Certainly the processing power of an added camera has a general effect, but manual testing and visual inspection showed the alternate angles picked up detections missed before with the vertical mount. This led to a more respectable %88.33 accuracy. It should also be noted that there were no false positives, as in tomatoes that were removed from the “Good Bucket” incorrectly.
The primary cause of missed defects in Phase 2 was splits that were close to the bottom of the tomatoes, where they were either completely hidden or obscured. In a fleshed out industrial sorter, it would be better to transport the tomatoes on a special belt that held them in place and rotated or flipped them to expose their entire surface area to the cameras. To simulate this, the experiment was repeated, where tomatoes with defects that were not initially sorted into the defect bucket were flipped over, and sent down the belt again.

Expected 30 Good, 90 Defects

Actual 38 Good, 82 Defects

Here we can see that tomatoes not initially sorted were caught the second time when flipped to expose their other side.
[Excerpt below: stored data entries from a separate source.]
lemma finite_E: "finite E"
proof (rule finite_subset)
  show "E \<subseteq> (\<lambda>(a, b). {a, b}) ` (V1 \<times> V2)"
    by (auto elim!: edgeE)
  show "finite ((\<lambda>(a, b). {a, b}) ` (V1 \<times> V2))"
    using finite_V1 finite_V2 by simp
qed

definition pref_dom :: "'a \<Rightarrow> 'a set set" where
  "pref_dom v = insert {} (inc E v)"

lemma edge_in_pref_dom: "e \<in> E \<Longrightarrow> w \<in> e \<Longrightarrow> e \<in> pref_dom w"
  unfolding pref_dom_def inc_def by simp

lemma pref_trans:
  assumes "v \<in> V1 \<union> V2" "x \<in> pref_dom v" "y \<in> pref_dom v" "z \<in> pref_dom v"
    and "pref v x y" "pref v y z"
  shows "pref v x z"
  using assms profile unfolding pref_profile_def pref_dom_def by blast

lemma pref_total:
  assumes "v \<in> V1 \<union> V2" "x \<in> pref_dom v" "y \<in> pref_dom v"
  shows "pref v x y \<or> pref v y x"
  using assms profile unfolding pref_profile_def pref_dom_def by blast

lemma pref_refl: "v \<in> V1 \<union> V2 \<Longrightarrow> x \<in> pref_dom v \<Longrightarrow> pref v x x"
  using pref_total by blast

lemma not_pref_empty: "v \<in> V1 \<union> V2 \<Longrightarrow> e \<in> inc E v \<Longrightarrow> \<not> pref v {} e"
  using profile unfolding pref_profile_def by blast

lemma mate_eqI:
  assumes "matching E \<mu>" "e \<in> \<mu>" "v \<in> e"
  shows "mate \<mu> v = e"
proof -
  have "finite (inc \<mu> v)"
    using assms(1) finite_E unfolding matching_def inc_def by (auto intro: finite_subset)
  moreover have "card (inc \<mu> v) \<le> 1" "e \<in> inc \<mu> v"
    using assms unfolding matching_def inc_def by auto
  ultimately have "inc \<mu> v = {e}"
    by (auto simp: card_le_Suc0_iff_eq)
  then show ?thesis
    unfolding mate_def by simp
qed

lemma
  assumes "matching E \<mu>" "mate \<mu> v \<noteq> {}"
  shows mate_mem: "mate \<mu> v \<in> \<mu>" and mem_mate: "v \<in> mate \<mu> v"
proof -
  obtain e where "e \<in> \<mu>" "v \<in> e"
    using assms(2) unfolding mate_def inc_def by (auto split: if_splits)
  then show "mate \<mu> v \<in> \<mu>" "v \<in> mate \<mu> v"
    using mate_eqI[OF assms(1)] by auto
qed

lemma mate_in_pref_dom: "matching E \<mu> \<Longrightarrow> mate \<mu> v \<in> pref_dom v"
  using mate_mem mem_mate unfolding pref_dom_def inc_def matching_def by blast

lemma strict_pref_over_mate_nonempty:
  assumes "v \<in> V1 \<union> V2" "matching E \<mu>" "strict_pref pref v x (mate \<mu> v)"
  shows "x \<noteq> {}"
  using assms not_pref_empty mate_in_pref_dom[OF assms(2), of v]
  unfolding strict_pref_def pref_dom_def by auto

lemma strict_pref_mate_iff:
  assumes "v \<in> V1 \<union> V2" "matching E \<mu>" "matching E \<sigma>"
  shows "strict_pref pref v (mate \<sigma> v) (mate \<mu> v) \<longleftrightarrow> \<not> pref v (mate \<mu> v) (mate \<sigma> v)"
  using pref_total[OF assms(1) mate_in_pref_dom mate_in_pref_dom] assms(2,3)
  unfolding strict_pref_def by blast

lemma stable_partner_strict_pref:
  assumes stable: "nu_stable E E1 E2 pref \<rho>" and "matching E \<tau>"
    and "e \<in> \<tau>" "v \<in> e" "w \<in> e" "v \<noteq> w"
    and v_prefers: "strict_pref pref v (mate \<tau> v) (mate \<rho> v)"
  shows "strict_pref pref w (mate \<rho> w) (mate \<tau> w)"
proof (rule ccontr)
  assume w_not_prefers: "\<not> ?thesis"
  have "e \<in> E"
    using assms(2,3) unfolding matching_def by auto
  then have e_vw: "e = {v, w}" and "w \<in> V1 \<union> V2"
    using assms(4-6) by (auto elim!: edgeE)
  have "matching E \<rho>"
    using stable by (rule nu_stable_matching)
  have mate_\<tau>: "mate \<tau> v = e" "mate \<tau> w = e"
    using mate_eqI[OF assms(2,3)] assms(4,5) by auto
  have "e \<notin> \<rho>"
    using mate_eqI[OF \<open>matching E \<rho>\<close> _ assms(4)] v_prefers mate_\<tau>
    unfolding strict_pref_def by auto
  have "pref w e (mate \<rho> w)"
    using w_not_prefers mate_\<tau> edge_in_pref_dom[OF \<open>e \<in> E\<close> assms(5)]
      pref_total[OF \<open>w \<in> V1 \<union> V2\<close> _ mate_in_pref_dom[OF \<open>matching E \<rho>\<close>]]
    unfolding strict_pref_def by auto
  then have "strongly_blocks pref \<rho> e"
    using v_prefers mate_\<tau> e_vw \<open>e \<notin> \<rho>\<close> assms(4)
    unfolding strongly_blocks_def weakly_blocks_def strict_pref_def by auto
  then show False
    using stable edge_partition \<open>e \<in> E\<close> \<open>e \<notin> \<rho>\<close>
    unfolding nu_stable_def strongly_blocks_def by blast
qed

lemma weakly_blocks_if_pref_mates:
  assumes "matching E \<nu>" "matching E \<rho>" "e \<in> E" "e \<notin> \<rho>"
    and better: "\<forall>w\<in>e. pref w (mate \<nu> w) (mate \<rho> w)"
    and "weakly_blocks pref \<nu> e"
  shows "weakly_blocks pref \<rho> e"
proof -
  have "pref w e (mate \<rho> w)" if "w \<in> e" for w
  proof (rule pref_trans)
    show "w \<in> V1 \<union> V2" "e \<in> pref_dom w"
      using \<open>e \<in> E\<close> that by (rule edge_vertex, rule edge_in_pref_dom)
    show "pref w e (mate \<nu> w)"
      using assms(6) that unfolding weakly_blocks_def by blast
  qed (use assms(1,2) better that mate_in_pref_dom in auto)
  then show ?thesis
    using \<open>e \<notin> \<rho>\<close> unfolding weakly_blocks_def by blast
qed

lemma strongly_blocks_if_pref_mates:
  assumes "matching E \<nu>" "matching E \<rho>" "e \<in> E" "e \<notin> \<rho>"
    and better: "\<forall>w\<in>e. pref w (mate \<nu> w) (mate \<rho> w)"
    and "strongly_blocks pref \<nu> e"
  shows "strongly_blocks pref \<rho> e"
proof -
  have weak: "weakly_blocks pref \<rho> e"
    using weakly_blocks_if_pref_mates assms unfolding strongly_blocks_def by blast
  obtain w where "w \<in> e" and strict: "strict_pref pref w e (mate \<nu> w)"
    using assms(6) unfolding strongly_blocks_def by blast
  have "w \<in> V1 \<union> V2" "e \<in> pref_dom w"
    using \<open>e \<in> E\<close> \<open>w \<in> e\<close> by (rule edge_vertex, rule edge_in_pref_dom)
  then have "\<not> pref w (mate \<rho> w) e"
    using pref_trans[of w "mate \<nu> w" "mate \<rho> w" e] strict better \<open>w \<in> e\<close>
      mate_in_pref_dom[OF assms(1)] mate_in_pref_dom[OF assms(2)]
    unfolding strict_pref_def by blast
  then show ?thesis
    using weak \<open>w \<in> e\<close> unfolding strongly_blocks_def weakly_blocks_def strict_pref_def by blast
qed

lemma finite_touching: "F \<subseteq> E \<Longrightarrow> finite (touching F X)"
  using finite_E unfolding touching_def by (auto intro: finite_subset)

lemma card_touching_le:
  assumes "matching E \<mu>" "finite X"
  shows "card (touching \<mu> X) \<le> card X"
proof -
  have "touching \<mu> X \<subseteq> mate \<mu> ` X"
    using mate_eqI[OF assms(1)] unfolding touching_def by fastforce
  then show ?thesis
    using assms(2) surj_card_le by blast
qed

lemma card_le_touching:
  assumes "matching E \<mu>" "X \<subseteq> V1 \<or> X \<subseteq> V2"
    and matched: "\<forall>x\<in>X. mate \<mu> x \<noteq> {}"
  shows "card X \<le> card (touching \<mu> X)"
proof (rule card_inj_on_le)
  have "\<mu> \<subseteq> E"
    using assms(1) unfolding matching_def by simp
  then show "finite (touching \<mu> X)"
    by (rule finite_touching)
  show "mate \<mu> ` X \<subseteq> touching \<mu> X"
    using matched mate_mem[OF assms(1)] mem_mate[OF assms(1)] unfolding touching_def by blast
  show "inj_on (mate \<mu>) X"
  proof (rule inj_onI)
    fix x y assume "x \<in> X" "y \<in> X" and same: "mate \<mu> x = mate \<mu> y"
    have "mate \<mu> x \<in> E" "x \<in> mate \<mu> x" "y \<in> mate \<mu> x"
      using \<open>x \<in> X\<close> \<open>y \<in> X\<close> same matched mate_mem[OF assms(1)] mem_mate[OF assms(1)] \<open>\<mu> \<subseteq> E\<close>
      by (metis subsetD)+
    moreover have "x \<in> V1 \<longleftrightarrow> y \<in> V1"
      using \<open>x \<in> X\<close> \<open>y \<in> X\<close> assms(2) disjoint_sides by auto
    ultimately show "x = y"
      by (rule edge_endpoint_eq)
  qed
qed

lemma edge_closed_union_sides:
  assumes "F \<subseteq> E" "A \<subseteq> V1" "B \<subseteq> V2" "touching F A = touching F B"
  shows "edge_closed F (A \<union> B)"
  unfolding edge_closed_def
proof (intro ballI impI)
  fix e x y assume "e \<in> F" "x \<in> e" "y \<in> e" "x \<in> A \<union> B"
  obtain a b where "a \<in> V1" "b \<in> V2" and e: "e = {a, b}"
    using \<open>e \<in> F\<close> assms(1) by (blast elim: edgeE)
  then have "e \<inter> A \<noteq> {} \<longleftrightarrow> a \<in> A" "e \<inter> B \<noteq> {} \<longleftrightarrow> b \<in> B"
    using assms(2,3) disjoint_sides by auto
  moreover have "e \<inter> A \<noteq> {} \<longleftrightarrow> e \<inter> B \<noteq> {}"
    using assms(4) \<open>e \<in> F\<close> unfolding touching_def by blast
  ultimately show "y \<in> A \<union> B"
    using \<open>x \<in> e\<close> \<open>y \<in> e\<close> \<open>x \<in> A \<union> B\<close> \<open>a \<in> V1\<close> \<open>b \<in> V2\<close> assms(2,3) disjoint_sides e
    by auto
qed

definition gainers :: "'a set set \<Rightarrow> 'a set set \<Rightarrow> 'a set" where
  "gainers \<mu> \<sigma> = {a \<in> V1. strict_pref pref a (mate \<sigma> a) (mate \<mu> a)}"

definition losers :: "'a set set \<Rightarrow> 'a set set \<Rightarrow> 'a set" where
  "losers \<mu> \<sigma> = {b \<in> V2. strict_pref pref b (mate \<mu> b) (mate \<sigma> b)}"

lemma touching_Un: "touching (F \<union> G) X = touching F X \<union> touching G X"
  unfolding touching_def by auto

lemma touching_subset_if_partners:
  assumes "\<tau> \<subseteq> E" and partners: "\<forall>e\<in>\<tau>. \<forall>x\<in>e. \<forall>y\<in>e. x \<in> X \<longrightarrow> y \<noteq> x \<longrightarrow> y \<in> Y"
  shows "touching \<tau> X \<subseteq> touching \<tau> Y"
proof
  fix e assume "e \<in> touching \<tau> X"
  then obtain x where "e \<in> \<tau>" "x \<in> e" "x \<in> X"
    unfolding touching_def by blast
  moreover obtain y where "y \<noteq> x" "e = {x, y}"
    using edge_other_endpoint \<open>e \<in> \<tau>\<close> \<open>x \<in> e\<close> assms(1) by blast
  moreover have "y \<in> Y"
    using partners \<open>e \<in> \<tau>\<close> \<open>x \<in> e\<close> \<open>x \<in> X\<close> \<open>y \<noteq> x\<close> \<open>e = {x, y}\<close> by auto
  ultimately show "e \<in> touching \<tau> Y"
    unfolding touching_def by auto
qed

lemma opposite_sides:
  assumes "e \<in> E" "x \<in> e" "y \<in> e" "y \<noteq> x"
  shows "x \<in> V1 \<longleftrightarrow> y \<in> V2"
  using assms disjoint_sides by (elim edgeE) auto

lemma touching_gainers_subset:
  assumes \<mu>: "nu_stable E E1 E2 pref \<mu>" and "matching E \<sigma>"
  shows "touching \<sigma> (gainers \<mu> \<sigma>) \<subseteq> touching \<sigma> (losers \<mu> \<sigma>)"
proof (rule touching_subset_if_partners[rotated], intro ballI impI)
  show "\<sigma> \<subseteq> E"
    using assms(2) unfolding matching_def by simp
  fix e x y assume "e \<in> \<sigma>" "x \<in> e" "y \<in> e" "x \<in> gainers \<mu> \<sigma>" "y \<noteq> x"
  then have "strict_pref pref y (mate \<mu> y) (mate \<sigma> y)"
    using stable_partner_strict_pref[OF \<mu> \<open>matching E \<sigma>\<close>] unfolding gainers_def by blast
  moreover have "y \<in> V2"
    using opposite_sides[of e x y] \<open>e \<in> \<sigma>\<close> \<open>\<sigma> \<subseteq> E\<close> \<open>x \<in> e\<close> \<open>y \<in> e\<close> \<open>y \<noteq> x\<close> \<open>x \<in> gainers \<mu> \<sigma>\<close>
    unfolding gainers_def by blast
  ultimately show "y \<in> losers \<mu> \<sigma>"
    unfolding losers_def by simp
qed

lemma touching_losers_subset:
  assumes \<sigma>: "nu_stable E E1 E2 pref \<sigma>" and "matching E \<mu>"
  shows "touching \<mu> (losers \<mu> \<sigma>) \<subseteq> touching \<mu> (gainers \<mu> \<sigma>)"
proof (rule touching_subset_if_partners[rotated], intro ballI impI)
  show "\<mu> \<subseteq> E"
    using assms(2) unfolding matching_def by simp
  fix e x y assume "e \<in> \<mu>" "x \<in> e" "y \<in> e" "x \<in> losers \<mu> \<sigma>" "y \<noteq> x"
  then have "strict_pref pref y (mate \<sigma> y) (mate \<mu> y)"
    using stable_partner_strict_pref[OF \<sigma> \<open>matching E \<mu>\<close>] unfolding losers_def by blast
  moreover have "y \<in> V1"
    using opposite_sides[of e y x] \<open>e \<in> \<mu>\<close> \<open>\<mu> \<subseteq> E\<close> \<open>x \<in> e\<close> \<open>y \<in> e\<close> \<open>y \<noteq> x\<close> \<open>x \<in> losers \<mu> \<sigma>\<close>
    unfolding losers_def by blast
  ultimately show "y \<in> gainers \<mu> \<sigma>"
    unfolding gainers_def by simp
qed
Altogether with previous changes we have achieved %93.33 accuracy with zero false positives.

Conclusion

The changes made in the result phases were concerned with camera placement and the mock mechanical filter system. Along the way CropDetect was flexible to adapt to each situation, exemplifying itself as a drop-in solution. This points to its extensibility for other crops and preparation for pilot deployment for growers and suppliers in the Pacific Northwest.

Biases

  • Accuracy is a function of configuring the model's confidence threshold. Lowering the confidence rating means the model will emit more predictions, possibly capturing more defects, but increasing the chance of false positives. In this experiment we opted for a %50 confidence threshold to optimize against false positives, but others might prefer to lower the rating and remove as many defects as possible at the expense of introducing false positives.
  • The tomatoes themselves were not selected with any criteria, but were sourced from a single supermarket at a single point in time, most likely not representing the real amount of variation you would see in a crop. More and varied training data would be necessary in a production environment.
  • While the plastic tomato bins had some packing paper for padding, the tomatoes were still falling 16” inches, potentially hitting a servo paddle, and landing on other tomatoes. While no new splits were added during testing, the existing ones expanded and swelled slightly, potentially making them easier to detect in later testing runs. Additional testing runs with fresh tomatoes should be done to confirm.